lemma limit_functional_eq_integral:
  assumes hm[measurable]: "h \<in> borel_measurable borel" and hb: "\<And>t. norm (h t) \<le> 2*B"
    and hA: "\<And>A. A \<in> sets borel \<Longrightarrow>
       limit_functional (weighted_indicator A) = (\<integral>t. indicator A t *\<^sub>R h t \<partial>weighted_lborel)"
    and q: "integrable weighted_lborel q"
  shows "limit_functional (\<lambda>t. weight t *\<^sub>R q t) = (\<integral>t. q t * h t \<partial>weighted_lborel)"
  using q
proof (induct rule: integrable_induct)
  case (base A c)
  then have A: "A \<in> sets borel" by simp
  have "(\<lambda>t. weight t *\<^sub>R (indicator A t *\<^sub>R c)) = (\<lambda>t. c * weighted_indicator A t)"
    by (auto simp: fun_eq_iff weighted_indicator_def indicator_def scaleR_conv_of_real)
  then have "limit_functional (\<lambda>t. weight t *\<^sub>R (indicator A t *\<^sub>R c))
      = c * (\<integral>t. indicator A t *\<^sub>R h t \<partial>weighted_lborel)"
    using limit_functional_mult[OF integrable_weighted_indicator[OF A]] hA[OF A] by simp
  also have "\<dots> = (\<integral>t. (indicator A t *\<^sub>R c) * h t \<partial>weighted_lborel)"
    by (subst integral_mult_right_zero[symmetric], intro Bochner_Integration.integral_cong)
       (auto simp: indicator_def)
  finally show ?case .
next
  case (add f1 f2)
  have hbA: "AE t in weighted_lborel. norm (h t) \<le> 2*B" using hb by simp
  have i1: "integrable weighted_lborel (\<lambda>t. h t * f1 t)"
    by (rule integrable_bounded_mult[OF add(1) _ hbA]) simp
  have i2: "integrable weighted_lborel (\<lambda>t. h t * f2 t)"
    by (rule integrable_bounded_mult[OF add(3) _ hbA]) simp
  have "limit_functional (\<lambda>t. weight t *\<^sub>R (f1 t + f2 t))
      = limit_functional (\<lambda>t. weight t *\<^sub>R f1 t + weight t *\<^sub>R f2 t)"
    by (simp add: scaleR_right_distrib)
  also have "\<dots> = (\<integral>t. h t * f1 t \<partial>weighted_lborel) + (\<integral>t. h t * f2 t \<partial>weighted_lborel)"
    using add(2,4) limit_functional_add[OF integrable_weighted_lborelD[OF add(1)]
        integrable_weighted_lborelD[OF add(3)]]
    by (simp add: mult.commute)
  also have "\<dots> = (\<integral>t. (f1 t + f2 t) * h t \<partial>weighted_lborel)"
    using i1 i2 by (simp add: algebra_simps)
  finally show ?case .
next
  case (lim f s)
  have fm[measurable]: "f \<in> borel_measurable borel"
    using borel_measurable_integrable[OF lim(5)] by simp
  have sm[measurable]: "s i \<in> borel_measurable borel" for i
    using borel_measurable_integrable[OF lim(1)] by simp
  have "(\<lambda>i. \<integral>t. s i t * h t \<partial>weighted_lborel) \<longlonglongrightarrow> (\<integral>t. f t * h t \<partial>weighted_lborel)"
  proof (rule integral_dominated_convergence[where w="\<lambda>x. 2 * norm (f x) * (2*B)"])
    show "AE x in weighted_lborel. norm (s i x * h x) \<le> 2 * norm (f x) * (2*B)" for i
    proof (intro AE_I2)
      fix x
      have "norm (s i x) * norm (h x) \<le> (2 * norm (f x)) * (2*B)"
        using lim(4)[of x i] hb nonneg_B by (intro mult_mono) auto
      then show "norm (s i x * h x) \<le> 2 * norm (f x) * (2*B)" by (simp add: norm_mult)
    qed
  qed (use lim(3,5) in \<open>auto intro!: tendsto_mult_right\<close>)
  then have c1: "(\<lambda>i. limit_functional (\<lambda>t. weight t *\<^sub>R s i t)) \<longlonglongrightarrow> (\<integral>t. f t * h t \<partial>weighted_lborel)"
    using lim(2) by simp
  have "(\<lambda>i. \<integral>t. norm (s i t - f t) \<partial>weighted_lborel) \<longlonglongrightarrow> (\<integral>t. 0 \<partial>weighted_lborel)"
  proof (rule integral_dominated_convergence[where w="\<lambda>x. 3 * norm (f x)"])
    show "AE x in weighted_lborel. norm (norm (s i x - f x)) \<le> 3 * norm (f x)" for i
    proof (intro AE_I2)
      fix x
      have "norm (s i x - f x) \<le> norm (s i x) + norm (f x)" by (rule norm_triangle_ineq4)
      then show "norm (norm (s i x - f x)) \<le> 3 * norm (f x)" using lim(4)[of x i] by simp
    qed
  qed (use lim(3,5) in \<open>auto intro!: tendsto_norm_zero simp: LIM_zero_iff\<close>)
  then have "(\<lambda>i. limit_functional (\<lambda>t. weight t *\<^sub>R s i t)) \<longlonglongrightarrow> limit_functional (\<lambda>t. weight t *\<^sub>R f t)"
    using tendsto_limit_functional_weighted[OF lim(1,5)] by simp
  then show ?case using c1 LIMSEQ_unique by blast
qed

lemma has_weakstar_shift_lim: "\<exists>h. weakstar_shift_lim F g h"
proof -
  obtain h where hm[measurable]: "h \<in> borel_measurable borel" and hb: "\<And>t. norm (h t) \<le> 2*B"
    and hA: "\<And>A. A \<in> sets borel \<Longrightarrow>
       limit_functional (weighted_indicator A) = (\<integral>t. indicator A t *\<^sub>R h t \<partial>weighted_lborel)"
    using limit_functional_density by blast
  have "weakstar_shift_lim F g h"
    unfolding weakstar_shift_lim_def
  proof (intro conjI allI impI)
    show "Linf_Rplus h" using hb by (intro Linf_RplusI) auto
  next
    fix \<psi> assume "L1_Rplus \<psi>"
    then have \<psi>i: "integrable lborel (\<lambda>t. indicator {0..} t *\<^sub>R \<psi> t)"
      unfolding L1_Rplus_iff_integrable .
    define \<psi>b where "\<psi>b t = indicator {0..} t *\<^sub>R \<psi> t" for t
    have [measurable]: "\<psi>b \<in> borel_measurable borel"
      using borel_measurable_integrable[OF \<psi>i] unfolding \<psi>b_def[abs_def] by simp
    text \<open>The test function is written as \<open>weight \<cdot> q\<close>, with \<open>q = e\<^sup>t \<psi>\<close> integrable
      for the weighted measure.\<close>
    define q where "q t = complex_of_real (exp t) * \<psi>b t" for t
    have qm[measurable]: "q \<in> borel_measurable borel" unfolding q_def[abs_def] by measurable
    have Wq: "weight t *\<^sub>R q t = \<psi>b t" for t
      by (auto simp: weight_def q_def \<psi>b_def indicator_def scaleR_conv_of_real exp_minus field_simps)
    have qi: "integrable weighted_lborel q"
      using \<psi>i unfolding integrable_weighted_lborel_iff[OF qm] Wq \<psi>b_def .
    have "limit_functional \<psi>b = limit_functional (\<lambda>t. weight t *\<^sub>R q t)" unfolding Wq by simp
    also have "\<dots> = (\<integral>t. q t * h t \<partial>weighted_lborel)"
      by (rule limit_functional_eq_integral[OF hm hb hA qi])
    also have "\<dots> = (\<integral>t. (weight t *\<^sub>R q t) * h t \<partial>lborel)"
      by (subst integral_weighted_lborel) (auto simp: scaleR_conv_of_real mult.assoc)
    also have "\<dots> = (LINT t:{0..}|lborel. h t * \<psi> t)"
      unfolding set_lebesgue_integral_def Wq
      by (intro Bochner_Integration.integral_cong) (auto simp: \<psi>b_def indicator_def)
    finally have lam: "limit_functional \<psi>b = (LINT t:{0..}|lborel. h t * \<psi> t)" .
    show "((\<lambda>s. LINT t:{0..}|lborel. g (t + s) * \<psi> t) \<longlongrightarrow> (LINT t:{0..}|lborel. h t * \<psi> t)) F"
      using tendsto_limit_functional[OF \<psi>i] lam eventually_pairing_eq[of \<psi>]
      by (simp add: tendsto_cong \<psi>b_def[abs_def])
  qed
  then show ?thesis by blast
qed

end

lemma weakstar_shift_lim_exists:
  assumes "ultrafilter F" "eventually (\<lambda>s. 0 \<le> s) F" "Linf_Rplus g"
  shows "\<exists>h. weakstar_shift_lim F g h"
proof -
  obtain C where "0 \<le> C" "AE t in lborel. norm (indicator {0..} t *\<^sub>R g t) \<le> C"
    using Linf_Rplus_bound[OF assms(3)] by blast
  then interpret shift_limit g F C
    using assms(1,2) borel_measurable_Linf_Rplus[OF assms(3)] by unfold_locales auto
  show ?thesis by (rule has_weakstar_shift_lim)
qed

section \<open>Uniqueness and bounds of weak* limits\<close>

lemma borel_measurable_cnj [measurable]:
  fixes f :: "'a \<Rightarrow> complex"
  assumes "f \<in> borel_measurable M" shows "(\<lambda>x. cnj (f x)) \<in> borel_measurable M"
  using measurable_compose[OF assms borel_measurable_continuous_onI[OF continuous_on_cnj[OF continuous_on_id]]]
  by (simp add: o_def)

lemma AE_eq_0_of_weighted_integral_nonpos:
  fixes q :: "real \<Rightarrow> real"
  assumes "q \<in> borel_measurable borel" and q0: "\<And>t. 0 \<le> q t"
    and qi: "integrable lborel (\<lambda>t. q t * weight t)" and le: "(\<integral>t. q t * weight t \<partial>lborel) \<le> 0"
  shows "AE t in lborel. 0 \<le> t \<longrightarrow> q t = 0"
proof -
  have "(\<integral>t. q t * weight t \<partial>lborel) = 0"
    using le integral_nonneg_AE[of "\<lambda>t. q t * weight t" lborel] q0 by (auto intro!: antisym)
  then have "AE t in lborel. q t * weight t = 0"
    using integral_nonneg_eq_0_iff_AE[OF qi] q0 by auto
  then show ?thesis
    by eventually_elim (auto simp: weight_def)
qed

lemma integrable_bounded_mult_weight:
  fixes G :: "real \<Rightarrow> complex"
  assumes "G \<in> borel_measurable borel" "AE t in lborel. norm (G t) \<le> C"
  shows "integrable lborel (\<lambda>t. G t * complex_of_real (weight t))"
proof (rule integrable_bounded_mult[OF _ _ assms(2)])
  show "integrable lborel (\<lambda>t. complex_of_real (weight t))" using integrable_weight by simp
qed (use assms(1) in simp)

lemma L1_Rplus_bounded_mult_weight:
  fixes G :: "real \<Rightarrow> complex"
  assumes "G \<in> borel_measurable borel" "AE t in lborel. norm (G t) \<le> C"
  shows "L1_Rplus (\<lambda>t. G t * complex_of_real (weight t))"
  unfolding L1_Rplus_iff_integrable
  using integrable_bounded_mult_weight[OF assms]
  by (rule Bochner_Integration.integrable_cong[THEN iffD1, rotated 2]) (auto simp: weight_def indicator_def)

> [About this task]: When the line containing "by (simp add: mult.commute)" is reached, include it and stop. Until then, output each line of the entries exactly as given, starting from the first.

> [Written response]:
lemma limit_functional_eq_integral:
  assumes hm[measurable]: "h \<in> borel_measurable borel" and hb: "\<And>t. norm (h t) \<le> 2*B"
    and hA: "\<And>A. A \<in> sets borel \<Longrightarrow>
       limit_functional (weighted_indicator A) = (\<integral>t. indicator A t *\<^sub>R h t \<partial>weighted_lborel)"
    and q: "integrable weighted_lborel q"
  shows "limit_functional (\<lambda>t. weight t *\<^sub>R q t) = (\<integral>t. q t * h t \<partial>weighted_lborel)"
  using q
proof (induct rule: integrable_induct)
  case (base A c)
  then have A: "A \<in> sets borel" by simp
  have "(\<lambda>t. weight t *\<^sub>R (indicator A t *\<^sub>R c)) = (\<lambda>t. c * weighted_indicator A t)"
    by (auto simp: fun_eq_iff weighted_indicator_def indicator_def scaleR_conv_of_real)
  then have "limit_functional (\<lambda>t. weight t *\<^sub>R (indicator A t *\<^sub>R c))
      = c * (\<integral>t. indicator A t *\<^sub>R h t \<partial>weighted_lborel)"
    using limit_functional_mult[OF integrable_weighted_indicator[OF A]] hA[OF A] by simp
  also have "\<dots> = (\<integral>t. (indicator A t *\<^sub>R c) * h t \<partial>weighted_lborel)"
    by (subst integral_mult_right_zero[symmetric], intro Bochner_Integration.integral_cong)
       (auto simp: indicator_def)
  finally show ?case .
next
  case (add f1 f2)
  have hbA: "AE t in weighted_lborel. norm (h t) \<le> 2*B" using hb by simp
  have i1: "integrable weighted_lborel (\<lambda>t. h t * f1 t)"
    by (rule integrable_bounded_mult[OF add(1) _ hbA]) simp
  have i2: "integrable weighted_lborel (\<lambda>t. h t * f2 t)"
    by (rule integrable_bounded_mult[OF add(3) _ hbA]) simp
  have "limit_functional (\<lambda>t. weight t *\<^sub>R (f1 t + f2 t))
      = limit_functional (\<lambda>t. weight t *\<^sub>R f1 t + weight t *\<^sub>R f2 t)"
    by (simp add: scaleR_right_distrib)
  also have "\<dots> = (\<integral>t. h t * f1 t \<partial>weighted_lborel) + (\<integral>t. h t * f2 t \<partial>weighted_lborel)"
    using add(2,4) limit_functional_add[OF integrable_weighted_lborelD[OF add(1)]
        integrable_weighted_lborelD[OF add(3)]]
    by (simp add: mult.commute)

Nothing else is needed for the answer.